Extracted data entries:
lemma two_point_risk_lower_bound:
  fixes p0 p1 f :: "'a \<Rightarrow> real"
  assumes [measurable]: "p0 \<in> borel_measurable M" "p1 \<in> borel_measurable M" "f \<in> borel_measurable M"
    and nonneg: "\<And>x. 0 \<le> p0 x" "\<And>x. 0 \<le> p1 x"
    and mass: "(\<integral>\<^sup>+ x. p0 x \<partial>M) = 1" "(\<integral>\<^sup>+ x. p1 x \<partial>M) = 1"
    and affinity: "ennreal \<rho> \<le> (\<integral>\<^sup>+ x. sqrt (p0 x * p1 x) \<partial>M)" "0 \<le> \<rho>"
  shows "ennreal ((\<theta>1 - \<theta>0)\<^sup>2 / 4 * \<rho>\<^sup>2) \<le>
    max (\<integral>\<^sup>+ x. p0 x * (f x - \<theta>0)\<^sup>2 \<partial>M) (\<integral>\<^sup>+ x. p1 x * (f x - \<theta>1)\<^sup>2 \<partial>M)"
    (is "_ \<le> max ?R0 ?R1")
proof -
  define c where "c = \<bar>\<theta>1 - \<theta>0\<bar> * \<rho> / 2"
  have c_sq: "(\<theta>1 - \<theta>0)\<^sup>2 / 4 * \<rho>\<^sup>2 = c\<^sup>2"
    by (simp add: c_def power_mult_distrib power_divide)
  show ?thesis
  proof (cases "c = 0 \<or> ?R0 = \<top> \<or> ?R1 = \<top>")
    case True
    then show ?thesis
    proof (elim disjE)
      assume "c = 0"
      then have "(\<theta>1 - \<theta>0)\<^sup>2 / 4 * \<rho>\<^sup>2 = 0"
        using c_sq by simp
      then show ?thesis
        by (metis ennreal_0 zero_le)
    qed (simp_all only: max_top max_top2 top_greatest)
  next
    case False
    obtain r0 where r0: "?R0 = ennreal r0" "0 \<le> r0"
      using False by (cases ?R0) auto
    obtain r1 where r1: "?R1 = ennreal r1" "0 \<le> r1"
      using False by (cases ?R1) auto
    have "0 < c"
      using False affinity(2) by (simp add: c_def)
    \<comment> \<open>The AM-GM weight 1/c is optimal in the extremal case R0 + R1 = 2 c^2.\<close>
    have "ennreal (4 * c) \<le> ennreal (2 * \<bar>\<theta>1 - \<theta>0\<bar>) * (\<integral>\<^sup>+ x. sqrt (p0 x * p1 x) \<partial>M)"
      using mult_left_mono[OF affinity(1), of "ennreal (2 * \<bar>\<theta>1 - \<theta>0\<bar>)"] affinity(2)
      by (simp add: c_def ennreal_mult''[symmetric] mult_ac)
    also have "\<dots> \<le> ennreal (1 / c) * (?R0 + ?R1) + ennreal c * 2"
      using \<open>0 < c\<close> two_point_integral_bound[OF assms(1-7), of "1 / c"] by simp
    also have "\<dots> = ennreal ((r0 + r1) / c + 2 * c)"
      using r0 r1 \<open>0 < c\<close>
      by (simp add: ennreal_mult''[symmetric] ennreal_numeral[symmetric] ennreal_plus[symmetric]
          del: ennreal_numeral ennreal_plus)
    finally have "4 * c \<le> (r0 + r1) / c + 2 * c"
      using r0 r1 \<open>0 < c\<close> by (subst (asm) ennreal_le_iff) auto
    then have "c\<^sup>2 \<le> max r0 r1"
      using \<open>0 < c\<close> by (simp add: field_simps power2_eq_square max_def)
    then show ?thesis
      using r0(2) r1(2) unfolding c_sq r0(1) r1(1)
      by (cases "r0 \<le> r1") (auto simp: max_def intro: ennreal_leI)
  qed
qed

lemma max_risk_ge_two_point:
  assumes "est \<in> borel_measurable (borel \<Otimes>\<^sub>M borel)"
    and "\<bar>\<theta>0\<bar> \<le> \<tau>" "\<bar>\<delta>0\<bar> \<le> \<zeta>" "\<bar>\<theta>1\<bar> \<le> \<tau>" "\<bar>\<delta>1\<bar> \<le> \<zeta>"
  shows "ennreal ((\<theta>1 - \<theta>0)\<^sup>2 / 4 *
      exp (- ((s * \<theta>1 + \<delta>1 - (s * \<theta>0 + \<delta>0))\<^sup>2 + (\<theta>1 - \<theta>0)\<^sup>2) / 4)) \<le> max_risk \<tau> \<zeta> s est"
proof -
  have [measurable]: "est \<in> borel_measurable (lborel \<Otimes>\<^sub>M lborel)"
    using assms(1) by (simp add: measurable_cong_sets[OF sets_pair_measure_cong[OF sets_lborel sets_lborel] refl])
  define p where "p m \<theta> w = normal_density m 1 (fst w) * normal_density \<theta> 1 (snd w)"
    for m \<theta> :: real and w :: "real \<times> real"
  have [measurable]: "p m \<theta> \<in> borel_measurable (lborel \<Otimes>\<^sub>M lborel)" for m \<theta>
    unfolding p_def by measurable
  have risk_eq: "risk s est \<theta> \<delta> = (\<integral>\<^sup>+ w. p (s * \<theta> + \<delta>) \<theta> w * (est w - \<theta>)\<^sup>2 \<partial>(lborel \<Otimes>\<^sub>M lborel))"
    for \<theta> \<delta>
    unfolding risk_def p_def
    by (subst nn_integral_gauss2) (auto intro!: nn_integral_cong simp: ennreal_mult''[symmetric])
  define \<rho> where "\<rho> = exp (- ((s * \<theta>1 + \<delta>1 - (s * \<theta>0 + \<delta>0))\<^sup>2 + (\<theta>1 - \<theta>0)\<^sup>2) / 8)"
  have "\<rho>\<^sup>2 = exp (- ((s * \<theta>1 + \<delta>1 - (s * \<theta>0 + \<delta>0))\<^sup>2 + (\<theta>1 - \<theta>0)\<^sup>2) / 4)"
    by (simp add: \<rho>_def flip: exp_double)
  moreover have "ennreal ((\<theta>1 - \<theta>0)\<^sup>2 / 4 * \<rho>\<^sup>2) \<le> max (risk s est \<theta>0 \<delta>0) (risk s est \<theta>1 \<delta>1)"
    unfolding risk_eq
  proof (rule two_point_risk_lower_bound)
    show "ennreal \<rho> \<le> (\<integral>\<^sup>+ w. sqrt (p (s * \<theta>0 + \<delta>0) \<theta>0 w * p (s * \<theta>1 + \<delta>1) \<theta>1 w) \<partial>(lborel \<Otimes>\<^sub>M lborel))"
      unfolding p_def \<rho>_def nn_integral_sqrt_normal_density_pair
      by (simp add: power2_commute)
  qed (auto simp: p_def \<rho>_def nn_integral_normal_density_pair)
  moreover have "max (risk s est \<theta>0 \<delta>0) (risk s est \<theta>1 \<delta>1) \<le> max_risk \<tau> \<zeta> s est"
    unfolding max_risk_def using assms(2-) by (auto intro: SUP_upper2)
  ultimately show ?thesis
    by (metis order_trans)
qed

lemma R_N_ge_symmetric_two_point:
  assumes "\<bar>\<Delta>\<bar> \<le> \<tau>" "\<bar>d\<bar> \<le> \<zeta>"
  shows "ennreal (\<Delta>\<^sup>2 * exp (- (\<Delta>\<^sup>2 + (s * \<Delta> - d)\<^sup>2))) \<le> R_N \<tau> \<zeta> s"
  unfolding R_N_def
proof (rule INF_greatest)
  fix est :: "real \<times> real \<Rightarrow> real"
  assume "est \<in> borel_measurable (borel \<Otimes>\<^sub>M borel)"
  have "(\<Delta> - - \<Delta>)\<^sup>2 / 4 = \<Delta>\<^sup>2"
    "- ((s * \<Delta> + - d - (s * - \<Delta> + d))\<^sup>2 + (\<Delta> - - \<Delta>)\<^sup>2) / 4 = - (\<Delta>\<^sup>2 + (s * \<Delta> - d)\<^sup>2)"
    by (simp_all add: power2_eq_square field_simps)
  then have "ennreal (\<Delta>\<^sup>2 * exp (- (\<Delta>\<^sup>2 + (s * \<Delta> - d)\<^sup>2))) =
      ennreal ((\<Delta> - - \<Delta>)\<^sup>2 / 4 * exp (- ((s * \<Delta> + - d - (s * - \<Delta> + d))\<^sup>2 + (\<Delta> - - \<Delta>)\<^sup>2) / 4))"
    by (simp only:)
  also have "\<dots> \<le> max_risk \<tau> \<zeta> s est"
    by (rule max_risk_ge_two_point) (use \<open>est \<in> _\<close> assms in auto)
  finally show "ennreal (\<Delta>\<^sup>2 * exp (- (\<Delta>\<^sup>2 + (s * \<Delta> - d)\<^sup>2))) \<le> max_risk \<tau> \<zeta> s est" .
qed

lemma exp_minus_nat_ge: "1 / 3 ^ n \<le> exp (- real n)"
proof -
  have "exp 1 ^ n \<le> (3::real) ^ n"
    using exp_le by (intro power_mono) auto
  moreover have "exp (- real n) = 1 / exp 1 ^ n"
    by (simp add: exp_minus exp_of_nat_mult[symmetric] field_simps)
  ultimately show ?thesis
    by (simp add: frac_le)
qed

lemma min_sq_le_scaled_min_sq:
  fixes \<tau> b c k s :: real
  assumes "s \<noteq> 0" "1 \<le> k" "c \<le> k * b\<^sup>2"
  shows "min (\<tau>\<^sup>2) (min 1 (c / s\<^sup>2)) \<le> k * (min \<tau> (min 1 (b / s)))\<^sup>2"
proof -
  have "\<tau>\<^sup>2 \<le> k * \<tau>\<^sup>2" "c / s\<^sup>2 \<le> k * (b / s)\<^sup>2"
    using assms by (simp_all add: mult_le_cancel_right1 power_divide divide_right_mono)
  moreover have "min \<tau> (min 1 (b / s)) \<in> {\<tau>, 1, b / s}"
    by (auto simp: min_def)
  ultimately show ?thesis
    using assms(2) by (auto simp: min_le_iff_disj)
qed

lemma two_point_choice_large_bias:
  fixes \<tau> \<zeta> s :: real
  assumes "0 < \<tau>" "1 \<le> \<zeta>" "0 < s"
  obtains \<Delta> d where "\<bar>\<Delta>\<bar> \<le> \<tau>" "\<bar>d\<bar> \<le> \<zeta>"
    "min (\<tau>\<^sup>2) (min 1 ((1 + \<zeta>\<^sup>2) / s\<^sup>2)) \<le> 27 / 2 * (\<Delta>\<^sup>2 * exp (- (\<Delta>\<^sup>2 + (s * \<Delta> - d)\<^sup>2)))"
proof
  define \<Delta> where "\<Delta> = min \<tau> (min 1 (\<zeta> / s))"
  \<comment> \<open>With d = s \<Delta> both hypotheses give w1 the same mean; only w2 separates them.\<close>
  have "0 \<le> \<Delta>" "\<Delta> \<le> 1" "\<Delta> \<le> \<zeta> / s"
    using assms by (simp_all add: \<Delta>_def)
  then have "s * \<Delta> \<le> \<zeta>"
    using assms by (simp add: pos_le_divide_eq mult.commute)
  show "\<bar>\<Delta>\<bar> \<le> \<tau>" "\<bar>s * \<Delta>\<bar> \<le> \<zeta>"
    using \<open>0 \<le> \<Delta>\<close> \<open>s * \<Delta> \<le> \<zeta>\<close> assms by (auto simp: \<Delta>_def)
  have "1 + \<zeta>\<^sup>2 \<le> 2 * \<zeta>\<^sup>2"
    using assms by (simp add: one_le_power)
  then have "min (\<tau>\<^sup>2) (min 1 ((1 + \<zeta>\<^sup>2) / s\<^sup>2)) \<le> 2 * \<Delta>\<^sup>2"
    unfolding \<Delta>_def using assms by (intro min_sq_le_scaled_min_sq) auto
  moreover have "1 / 3 \<le> exp (- (\<Delta>\<^sup>2 + (s * \<Delta> - s * \<Delta>)\<^sup>2))"
  proof -
    have "\<Delta>\<^sup>2 \<le> 1"
      using \<open>0 \<le> \<Delta>\<close> \<open>\<Delta> \<le> 1\<close> by (simp add: power_le_one)
    then show ?thesis
      using exp_minus_nat_ge[of 1] by (simp add: order_trans)
  qed
  then have "\<Delta>\<^sup>2 * (1 / 3) \<le> \<Delta>\<^sup>2 * exp (- (\<Delta>\<^sup>2 + (s * \<Delta> - s * \<Delta>)\<^sup>2))"
    by (rule mult_left_mono) simp
  ultimately show "min (\<tau>\<^sup>2) (min 1 ((1 + \<zeta>\<^sup>2) / s\<^sup>2)) \<le>
      27 / 2 * (\<Delta>\<^sup>2 * exp (- (\<Delta>\<^sup>2 + (s * \<Delta> - s * \<Delta>)\<^sup>2)))"
    using zero_le_power2[of \<Delta>] by linarith
qed

lemma two_point_choice_small_bias:
  fixes \<tau> \<zeta> s :: real
  assumes "0 < \<tau>" "0 < \<zeta>" "\<zeta> < 1" "0 < s"
  obtains \<Delta> d where "\<bar>\<Delta>\<bar> \<le> \<tau>" "\<bar>d\<bar> \<le> \<zeta>"
    "min (\<tau>\<^sup>2) (min 1 ((1 + \<zeta>\<^sup>2) / s\<^sup>2)) \<le> 27 / 2 * (\<Delta>\<^sup>2 * exp (- (\<Delta>\<^sup>2 + (s * \<Delta> - d)\<^sup>2)))"
proof
  define \<Delta> where "\<Delta> = min \<tau> (min 1 (1 / s))"
  define d where "d = min \<zeta> (s * \<Delta>)"
  have "0 \<le> \<Delta>" "\<Delta> \<le> 1" "\<Delta> \<le> 1 / s"
    using assms by (simp_all add: \<Delta>_def)
  then have "s * \<Delta> \<le> 1"
    using assms by (simp add: pos_le_divide_eq mult.commute)
  show "\<bar>\<Delta>\<bar> \<le> \<tau>" "\<bar>d\<bar> \<le> \<zeta>"
    using \<open>0 \<le> \<Delta>\<close> assms by (auto simp: \<Delta>_def d_def)
  have "1 + \<zeta>\<^sup>2 \<le> (1 + \<zeta>) * 1\<^sup>2"
    using assms by (simp add: power2_eq_square mult_le_cancel_right1)
  then have "min (\<tau>\<^sup>2) (min 1 ((1 + \<zeta>\<^sup>2) / s\<^sup>2)) \<le> (1 + \<zeta>) * \<Delta>\<^sup>2"
    unfolding \<Delta>_def using assms by (intro min_sq_le_scaled_min_sq) auto
  moreover have "(1 + \<zeta>) / 9 \<le> exp (- (\<Delta>\<^sup>2 + (s * \<Delta> - d)\<^sup>2))"
  proof -
    have "0 \<le> s * \<Delta> - d" "s * \<Delta> - d \<le> 1 - \<zeta>"
      using \<open>s * \<Delta> \<le> 1\<close> assms by (auto simp: d_def min_def)
    then have "(s * \<Delta> - d)\<^sup>2 \<le> 1 - \<zeta>"
      using assms by (smt (verit) mult_left_le_one_le power2_eq_square)
    moreover have "\<Delta>\<^sup>2 \<le> 1"
      using \<open>0 \<le> \<Delta>\<close> \<open>\<Delta> \<le> 1\<close> by (simp add: power_le_one)
    ultimately have "exp \<zeta> * exp (- 2) \<le> exp (- (\<Delta>\<^sup>2 + (s * \<Delta> - d)\<^sup>2))"
      by (simp flip: exp_add)
    moreover have "(1 + \<zeta>) * (1 / 9) \<le> exp \<zeta> * exp (- 2)"
      using exp_ge_add_one_self[of \<zeta>] exp_minus_nat_ge[of 2] by (intro mult_mono) auto
    ultimately show ?thesis
      by linarith
  qed
  then have "\<Delta>\<^sup>2 * ((1 + \<zeta>) / 9) \<le> \<Delta>\<^sup>2 * exp (- (\<Delta>\<^sup>2 + (s * \<Delta> - d)\<^sup>2))"
    by (rule mult_left_mono) simp
  moreover have "(1 + \<zeta>) * \<Delta>\<^sup>2 \<le> 27 / 2 * (\<Delta>\<^sup>2 * ((1 + \<zeta>) / 9))"
    using assms by (simp add: field_simps)
  ultimately show "min (\<tau>\<^sup>2) (min 1 ((1 + \<zeta>\<^sup>2) / s\<^sup>2)) \<le>
      27 / 2 * (\<Delta>\<^sup>2 * exp (- (\<Delta>\<^sup>2 + (s * \<Delta> - d)\<^sup>2)))"
    by linarith
qed

theorem lemma4:
  fixes \<tau> \<zeta> s :: real
  assumes "\<tau> > 0" and "\<zeta> > 0" and "s > 0"
  shows "R_L \<tau> \<zeta> s \<le> ennreal (27 / 2) * R_N \<tau> \<zeta> s"
proof -
  obtain \<Delta> d where box: "\<bar>\<Delta>\<bar> \<le> \<tau>" "\<bar>d\<bar> \<le> \<zeta>" and
    choice: "min (\<tau>\<^sup>2) (min 1 ((1 + \<zeta>\<^sup>2) / s\<^sup>2)) \<le> 27 / 2 * (\<Delta>\<^sup>2 * exp (- (\<Delta>\<^sup>2 + (s * \<Delta> - d)\<^sup>2)))"
    using assms two_point_choice_large_bias two_point_choice_small_bias by (metis not_le)
  have "R_L \<tau> \<zeta> s \<le> ennreal (min (\<tau>\<^sup>2) (min 1 ((1 + \<zeta>\<^sup>2) / s\<^sup>2)))"
    using assms by (intro R_L_le_min) simp
  also have "\<dots> \<le> ennreal (27 / 2) * ennreal (\<Delta>\<^sup>2 * exp (- (\<Delta>\<^sup>2 + (s * \<Delta> - d)\<^sup>2)))"
    using choice by (simp add: ennreal_mult[symmetric] ennreal_leI)
  also have "\<dots> \<le> ennreal (27 / 2) * R_N \<tau> \<zeta> s"
    using box by (intro mult_left_mono R_N_ge_symmetric_two_point) auto
  finally show ?thesis .
qed

end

Problem description →
Your reply is to repeat, unchanged, the lines above running from the one with "1 (b / s)) \<in>" up to and including the one with "(min 1 (\<zeta>".

Answer below →
  moreover have "min \<tau> (min 1 (b / s)) \<in> {\<tau>, 1, b / s}"
    by (auto simp: min_def)
  ultimately show ?thesis
    using assms(2) by (auto simp: min_le_iff_disj)
qed

lemma two_point_choice_large_bias:
  fixes \<tau> \<zeta> s :: real
  assumes "0 < \<tau>" "1 \<le> \<zeta>" "0 < s"
  obtains \<Delta> d where "\<bar>\<Delta>\<bar> \<le> \<tau>" "\<bar>d\<bar> \<le> \<zeta>"
    "min (\<tau>\<^sup>2) (min 1 ((1 + \<zeta>\<^sup>2) / s\<^sup>2)) \<le> 27 / 2 * (\<Delta>\<^sup>2 * exp (- (\<Delta>\<^sup>2 + (s * \<Delta> - d)\<^sup>2)))"
proof
  define \<Delta> where "\<Delta> = min \<tau> (min 1 (\<zeta> / s))"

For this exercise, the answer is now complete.